→ PROVIDED INFORMATION:
——————

text \<open>The switch on s1 s3 s2 s4 undoes the switch on s1 s2 s3 s4.\<close>

lemma ts_reachable_conjugate:
  assumes G: "G \<in> Gnd n d" and sw: "switchable G p1 p2 p3 p4" and sws: "switchable G s1 s2 s3 s4"
    and disj: "switch_pairs s1 s2 s3 s4 \<inter> switch_pairs p1 p2 p3 p4 = {}"
    and tri1: "triangular G s1 s2 s3 s4"
    and tri2: "triangular (switch_graph G s1 s2 s3 s4) p1 p2 p3 p4"
    and tri3: "triangular (switch_graph (switch_graph G s1 s2 s3 s4) p1 p2 p3 p4) s1 s3 s2 s4"
  shows "ts_reachable n d 3 G (switch_graph G p1 p2 p3 p4)"
proof -
  let ?G1 = "switch_graph G s1 s2 s3 s4"
  let ?G2 = "switch_graph ?G1 p1 p2 p3 p4"
  have dist: "distinct [s1,s2,s3,s4]" and old: "{s1,s2} \<in> G" "{s3,s4} \<in> G"
    and new: "{s1,s3} \<notin> G" "{s2,s4} \<notin> G"
    using sws unfolding switchable_def by auto
  have "e \<notin> switch_pairs p1 p2 p3 p4" if "e \<in> switch_pairs s1 s2 s3 s4" for e
    using disj that by blast
  then have "{s1,s2} \<notin> switch_pairs p1 p2 p3 p4" "{s3,s4} \<notin> switch_pairs p1 p2 p3 p4"
    "{s1,s3} \<notin> switch_pairs p1 p2 p3 p4" "{s2,s4} \<notin> switch_pairs p1 p2 p3 p4"
    by (simp_all add: switch_pairs_def[of s1 s2 s3 s4])
  then have sep:
    "{s1,s2} \<noteq> {p1,p3}" "{s1,s2} \<noteq> {p2,p4}" "{s3,s4} \<noteq> {p1,p3}" "{s3,s4} \<noteq> {p2,p4}"
    "{s1,s3} \<noteq> {p1,p2}" "{s1,s3} \<noteq> {p3,p4}" "{s2,s4} \<noteq> {p1,p2}" "{s2,s4} \<noteq> {p3,p4}"
    "{s1,s2} \<noteq> {p1,p2}" "{s3,s4} \<noteq> {p1,p2}" "{s1,s2} \<noteq> {p3,p4}" "{s3,s4} \<noteq> {p3,p4}"
    "{s1,s3} \<noteq> {p1,p3}" "{s2,s4} \<noteq> {p1,p3}" "{s1,s3} \<noteq> {p2,p4}" "{s2,s4} \<noteq> {p2,p4}"
    by (simp_all add: switch_pairs_def)
  have "{s1,s2} \<noteq> {s1,s3}" "{s1,s2} \<noteq> {s2,s4}" "{s3,s4} \<noteq> {s1,s3}" "{s3,s4} \<noteq> {s2,s4}"
    using dist by (auto simp: doubleton_eq_iff)
  then have sw3: "switchable ?G2 s1 s3 s2 s4"
    using dist old new sep unfolding switchable_def mem_switch_graph by auto
  have sw2: "switchable ?G1 p1 p2 p3 p4"
    using sw sep[symmetric] unfolding switchable_def mem_switch_graph by auto
  have "switch_graph ?G2 s1 s3 s2 s4 = switch_graph G p1 p2 p3 p4"
    unfolding switch_graph_def
    by (rule conjugate_by_disjoint_exchange) (use old new disj in \<open>auto simp: switch_pairs_def\<close>)
  moreover have "?G1 \<in> Gnd n d" "?G2 \<in> Gnd n d"
    using switch_graph_in_Gnd G sws sw2 by blast+
  ultimately show ?thesis
    using ts_reachable_switch[OF G sws tri1
        ts_reachable_switch[OF _ sw2 tri2 ts_reachable_switch1[OF _ sw3 tri3]]]
    by (simp add: numeral_3_eq_3)
qed
(* Let $X$ be a real Banach space and $T:X\rightrightarrows X^*$ maximal monotone. For any $h\in\mathcal{F}_T$, $$\mathrm{cl}\,P_1D(h)=\mathrm{cl}\,\mathrm{conv}\,D(T),\qquad\mathrm{cl}_{w*}P_2D(h)=\mathrm{cl}_{w*}\mathrm{conv}\,R(T).$$
   Context: An operator $T:X\rightrightarrows X^*$ is a subset of $X\times X^*$ with $D(T)=P_1T$, $R(T)=P_2T$, where $P_1,P_2$ are the canonical projections onto $X$ and $X^*$. $T$ is monotone if $\langle x-y,x^*-y^*\rangle\geq0$ for all $(x,x^* ),(y,y^* )\in T$, and maximal monotone if it is monotone and not properly contained in another monotone operator. $\mathcal{F}_T$ is the set of all convex lower semicontinuous $h:X\times X^*\to\mathbb{R}\cup\{\pm\infty\}$ with $h(x,x^* )\geq\langle x,x^*\rangle$ for all $(x,x^* )$ and $h(x,x^* )=\langle x,x^*\rangle$ on $T$. $D(h)=\{z\;|\;h(z)<\infty\}$. $\mathrm{cl}$ is norm closure in $X$, $\mathrm{cl}_{w*}$ weak-$*$ closure in $X^*$, $\mathrm{conv}$ convex hull. *)

theory Defs
  imports "HOL-Analysis.Analysis"
begin

text \<open>The dual space X* is modelled as the type of bounded linear functionals
  'a \<Rightarrow>L real; the duality pairing is blinfun_apply.\<close>

definition pairing :: "'a::real_normed_vector \<Rightarrow> ('a \<Rightarrow>\<^sub>L real) \<Rightarrow> real" where
  "pairing x xs = blinfun_apply xs x"

definition monotone_op :: "('a::real_normed_vector \<times> ('a \<Rightarrow>\<^sub>L real)) set \<Rightarrow> bool" where
  "monotone_op T \<longleftrightarrow>
     (\<forall>(x, xs)\<in>T. \<forall>(y, ys)\<in>T. pairing (x - y) (xs - ys) \<ge> 0)"

definition maximal_monotone :: "('a::real_normed_vector \<times> ('a \<Rightarrow>\<^sub>L real)) set \<Rightarrow> bool" where
  "maximal_monotone T \<longleftrightarrow> monotone_op T \<and> (\<forall>S. monotone_op S \<and> T \<subseteq> S \<longrightarrow> S = T)"

text \<open>Weak-* topology on X*: the coarsest topology making all evaluations continuous,
  i.e. the pullback of the product (pointwise) topology on 'a \<Rightarrow> real.\<close>

definition weak_star_topology :: "('a::real_normed_vector \<Rightarrow>\<^sub>L real) topology" where
  "weak_star_topology = pullback_topology UNIV blinfun_apply euclidean"

definition weak_star_closure :: "('a::real_normed_vector \<Rightarrow>\<^sub>L real) set \<Rightarrow> ('a \<Rightarrow>\<^sub>L real) set" where
  "weak_star_closure S = weak_star_topology closure_of S"

definition convex_ext :: "('b::real_vector \<Rightarrow> ereal) \<Rightarrow> bool" where
  "convex_ext h \<longleftrightarrow> convex {(z, t::real). h z \<le> ereal t}"

definition lsc_ext :: "('b::topological_space \<Rightarrow> ereal) \<Rightarrow> bool" where
  "lsc_ext h \<longleftrightarrow> (\<forall>c. closed {z. h z \<le> c})"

——————

Go through the data above and copy each line that holds the word "disj".

→ EXERCISE SOLUTION:
    and disj: "switch_pairs s1 s2 s3 s4 \<inter> switch_pairs p1 p2 p3 p4 = {}"
    using disj that by blast
    by (rule conjugate_by_disjoint_exchange) (use old new disj in \<open>auto simp: switch_pairs_def\<close>)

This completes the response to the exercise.